Así como había dicho Yoongi, hace aproximadamente ocho meses había logrado escapar, acudiendo a él para refugiarme. La operación resultó ser un fracaso porque mi familia me encontró antes que él y me llevaron de vuelta al encierro. Había sido la única vez que hablamos a lo largo de esos dos años porque mi familia había vetado su número telefónico de los que se me permitía marcar como llamada diaria y tampoco podía recibir sus visitas. Todo eso tenía una razón, por supuesto.
—Mi... diablos, Daphne, no me hagas esto —Las palabras de Yoongi parecían incrédulas, pero podía escuchar la emoción en su voz—. ¿Dónde estás?
—Estoy en la estación Hoehyeon.
—¿Y a dónde vas? Espera, ven a mi casa esta noche. ¿O estás con tus padres?
—No, no estoy con ellos. Mi familia está en Inglaterra. Según supe mi abuela está enferma y la están visitando.
—¿Tu abuela? ¿La... baronesa?
—Sí... ella misma. Espero que no la estén visitando por interés en caso de que se muera. Pero en fin...
—Hey, trae tu trasero a mi casa. Te iré a buscar a la estación. ¡Podemos pedir pollo frito!
Min Yoongi sonaba emocionado, y la verdad era que yo también lo estaba. Acepté de inmediato, por supuesto, a pesar de que su casa estaba en Myeongil-dong y me quedaba lejísimos. Eso no importaba realmente, considerando lo mucho que quería verlo.
En cuanto llegué a la línea cinco mi emoción aumentó. Al menos me había arreglado lo suficiente como para que Yoongi no pensara que era un estropajo arruinado con patas.
Me bajé en la estación de Myeongil y corrí a la salida.

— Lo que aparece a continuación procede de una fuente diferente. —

(* Let $\mathbb F_0$ be a field and $\mathbb F=\mathbb F_0(\omega)$ a degree-$2$ extension field of $\mathbb F_0$. Let $h,d,n$ be nonnegative integers with $h\le d$, and let $A,B\in \mathbb F_0^{d\times n}$ be matrices with $\mathrm{rank}(A+\omega B)=d$. If $\mathrm{rank}\binom{A}{B}=2d-h$, then there is a matrix $Q\in \mathbb F^{h\times d}$ of rank $h$ such that $Q(A+\omega B)$ has all its entries in $\mathbb F_0$.
   Context: $\binom{A}{B}$ denotes the $2d\times n$ matrix obtained by stacking $A$ above $B$. *)

theory Defs
  imports "Jordan_Normal_Form.DL_Rank"
begin

definition is_subfield :: "'a::field set \<Rightarrow> bool" where
  "is_subfield K \<longleftrightarrow> 0 \<in> K \<and> 1 \<in> K \<and>
     (\<forall>x\<in>K. \<forall>y\<in>K. x + y \<in> K \<and> x * y \<in> K) \<and>
     (\<forall>x\<in>K. - x \<in> K) \<and> (\<forall>x\<in>K. x \<noteq> 0 \<longrightarrow> inverse x \<in> K)"

text \<open>The simple extension K(w) when w is algebraic of degree 2 over K:
  its elements are a + b w with a, b in K.\<close>
definition quad_ext :: "'a::field set \<Rightarrow> 'a \<Rightarrow> 'a set" where
  "quad_ext K w = {a + b * w | a b. a \<in> K \<and> b \<in> K}"

definition degree2_generator :: "'a::field set \<Rightarrow> 'a \<Rightarrow> bool" where
  "degree2_generator K w \<longleftrightarrow> w \<notin> K \<and> (\<exists>p\<in>K. \<exists>q\<in>K. w ^ 2 = p + q * w)"

definition mat_over :: "'a set \<Rightarrow> 'a mat \<Rightarrow> bool" where
  "mat_over S M \<longleftrightarrow> (\<forall>i < dim_row M. \<forall>j < dim_col M. M $$ (i, j) \<in> S)"

end

theory Submission
  imports Defs
begin

text \<open>Row reduction over \<open>F\<^sub>0\<close> of the stacked matrix \<open>A\<close> over \<open>B\<close>, whose rank is \<open>2d - h\<close>, yields
  \<open>F\<^sub>0\<close>-matrices \<open>U, V\<close> with \<open>h\<close> rows, \<open>U A + V B = 0\<close>, and the rows of \<open>(U | V)\<close> linearly
  independent. Write \<open>\<omega>\<^sup>2 = p + q \<omega>\<close> and put \<open>Q = V + (\<omega> - q) U\<close>. As \<open>\<omega> (\<omega> - q) = p\<close>,
  \<open>Q (A + \<omega> B) = V A + q V B + p U B + (\<omega> - q) (U A + V B) = V A + q V B + p U B\<close>
  has entries in \<open>F\<^sub>0\<close>. If an \<open>F\<^sub>0\<close>-combination of the rows of this product vanishes, then so does
  the same combination of the rows of \<open>Q\<close>, because \<open>A + \<omega> B\<close> has full row rank; its
  \<open>F\<^sub>0\<close>-part and \<open>\<omega>\<close>-part are the corresponding combinations of the rows of \<open>V - q U\<close> and \<open>U\<close>,
  so the combination is trivial. Splitting coefficients from \<open>F = F\<^sub>0 + F\<^sub>0 \<omega>\<close> into two
  \<open>F\<^sub>0\<close>-parts extends this to \<open>F\<close>-combinations, whence \<open>Q\<close> has rank \<open>h\<close>.\<close>

lemma subfield_zero: "is_subfield K \<Longrightarrow> 0 \<in> K"
  and subfield_one: "is_subfield K \<Longrightarrow> 1 \<in> K"
  and subfield_add: "is_subfield K \<Longrightarrow> x \<in> K \<Longrightarrow> y \<in> K \<Longrightarrow> x + y \<in> K"
  and subfield_mult: "is_subfield K \<Longrightarrow> x \<in> K \<Longrightarrow> y \<in> K \<Longrightarrow> x * y \<in> K"
  and subfield_uminus: "is_subfield K \<Longrightarrow> x \<in> K \<Longrightarrow> - x \<in> K"
  unfolding is_subfield_def by auto

lemma subfield_inverse: "is_subfield K \<Longrightarrow> x \<in> K \<Longrightarrow> inverse x \<in> K"
  unfolding is_subfield_def by (cases "x = 0") auto

lemma subfield_diff: "is_subfield K \<Longrightarrow> x \<in> K \<Longrightarrow> y \<in> K \<Longrightarrow> x - y \<in> K"
  using subfield_add subfield_uminus by (metis diff_conv_add_uminus)

lemma subfield_sum: "is_subfield K \<Longrightarrow> (\<And>i. i \<in> S \<Longrightarrow> f i \<in> K) \<Longrightarrow> sum f S \<in> K"
  by (induction S rule: infinite_finite_induct) (auto intro: subfield_zero subfield_add)

lemma subfield_coords_eq_0:
  assumes K: "is_subfield K" and w: "\<omega> \<notin> K" and x: "x \<in> K" and y: "y \<in> K"
    and eq: "x + y * \<omega> = 0"
  shows "x = 0 \<and> y = 0"
proof (cases "y = 0")
  case True
  then show ?thesis using eq by simp
next
  case False
  then have "\<omega> = - x * inverse y" using eq by (simp add: field_simps eq_neg_iff_add_eq_0)
  then have "\<omega> \<in> K" using subfield_mult[OF K subfield_uminus[OF K x] subfield_inverse[OF K y]] by simp
  with w show ?thesis by simp
qed

lemma quad_ext_memI: "a \<in> K \<Longrightarrow> b \<in> K \<Longrightarrow> a + b * \<omega> \<in> quad_ext K \<omega>"
  unfolding quad_ext_def by auto

lemma is_subfield_quad_ext:
  assumes K: "is_subfield K" and g: "degree2_generator K \<omega>"
  shows "is_subfield (quad_ext K \<omega>)"
proof -
  from g obtain p q where w: "\<omega> \<notin> K" and p: "p \<in> K" and q: "q \<in> K" and wq: "\<omega>^2 = p + q * \<omega>"
    unfolding degree2_generator_def by auto
  note sf = subfield_zero[OF K] subfield_one[OF K] subfield_add[OF K] subfield_mult[OF K]
    subfield_uminus[OF K] subfield_inverse[OF K] subfield_diff[OF K]
  have closed: "x + y \<in> quad_ext K \<omega> \<and> x * y \<in> quad_ext K \<omega>"
    if "x \<in> quad_ext K \<omega>" "y \<in> quad_ext K \<omega>" for x y
  proof -
    from that obtain a b c d where ab: "a \<in> K" "b \<in> K" "c \<in> K" "d \<in> K"
      and x: "x = a + b * \<omega>" and y: "y = c + d * \<omega>" unfolding quad_ext_def by auto
    have "x + y = (a + c) + (b + d) * \<omega>" unfolding x y by (simp add: algebra_simps)
    moreover have "x * y = a * c + (a * d + b * c) * \<omega> + b * d * \<omega>^2"
      unfolding x y by (simp add: algebra_simps power2_eq_square)
    then have "x * y = (a * c + b * d * p) + (a * d + b * c + b * d * q) * \<omega>"
      unfolding wq by (simp add: algebra_simps)
    ultimately show ?thesis using ab p q sf by (simp add: quad_ext_memI)
  qed
  have inverse: "inverse x \<in> quad_ext K \<omega>" if "x \<in> quad_ext K \<omega>" "x \<noteq> 0" for x
  proof -
    from that obtain a b where ab: "a \<in> K" "b \<in> K" and x: "x = a + b * \<omega>"
      unfolding quad_ext_def by auto
    define c where "c = a + b * q"
    define N where "N = a * c - b * b * p"
    have cK: "c \<in> K" and NK: "N \<in> K" unfolding N_def c_def using ab p q sf by simp_all
    have "x * (c + (- b) * \<omega>) = a * c + (b * c - a * b) * \<omega> - b * b * \<omega>^2"
      unfolding x by (simp add: algebra_simps power2_eq_square)
    then have norm: "x * (c + (- b) * \<omega>) = N"
      unfolding wq N_def c_def by (simp add: algebra_simps)
    have "N \<noteq> 0"
    proof
      assume "N = 0"
      then have "c + (- b) * \<omega> = 0" using norm that(2) by simp
      then have "c = 0 \<and> - b = 0" using subfield_coords_eq_0[OF K w cK sf(5)[OF ab(2)]] by blast
      then show False using that(2) x unfolding c_def by auto
    qed
    then have "inverse x = c * inverse N + (- b * inverse N) * \<omega>"
      using norm that(2) by (simp add: field_simps)
    moreover have "c * inverse N \<in> K" "- b * inverse N \<in> K" using sf ab cK NK by auto
    ultimately show ?thesis by (metis quad_ext_memI)
  qed
  have "0 \<in> quad_ext K \<omega>" "1 \<in> quad_ext K \<omega>"
    using quad_ext_memI[of 0 K 0 \<omega>] quad_ext_memI[of 1 K 0 \<omega>] sf by simp_all
  moreover have "- x \<in> quad_ext K \<omega>" if "x \<in> quad_ext K \<omega>" for x
  proof -
    from that obtain a b where ab: "a \<in> K" "b \<in> K" and x: "x = a + b * \<omega>"
      unfolding quad_ext_def by auto
    have "- x = (- a) + (- b) * \<omega>" unfolding x by simp
    then show ?thesis using quad_ext_memI sf(5) ab by metis
  qed
  ultimately show ?thesis using closed inverse unfolding is_subfield_def by blast
qed

lemma mat_over_mult:
  assumes K: "is_subfield K" and "X \<in> carrier_mat m l" and "Y \<in> carrier_mat l n"
    and "mat_over K X" and "mat_over K Y"
  shows "mat_over K (X * Y)"
  using assms unfolding mat_over_def
  by (auto simp: scalar_prod_def intro!: subfield_sum[OF K] subfield_mult[OF K])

Allí estaba, tal como lo había prometido. Su cabello ahora estaba totalmente descolorido y tenía una bandana negra debajo de éste y sobre la frente.
Vestía una parka el doble de grande que él, haciendo que sus piernas se vieran más flacas aún en esos jeans negros.
Al verme levantó la mano y luego, en lugar de agitarla, corrió hacia mí y me tomó en brazos haciéndome girar.
En cuanto me puso en tierra firme lo abracé con fuerza y solté un par de lágrimas.
—Te extrañé... —Le dije contra su hombro, sintiendo su característico perfume.
—Yo a ti, enana. Ha pasado un largo tiempo desde que te vi. Te ves saludable. —Dijo inspeccionándome—. Y estás más pálida. Pero en general te ves bien. —Acabó, sonriendo.
—Tú también te ves bien, Yoongi. Estás más alto —Bromeé, obteniendo un gruñido de su parte mientras me reía.
—Ya, enana, vámonos. Hay que ir a por ese pollo frito.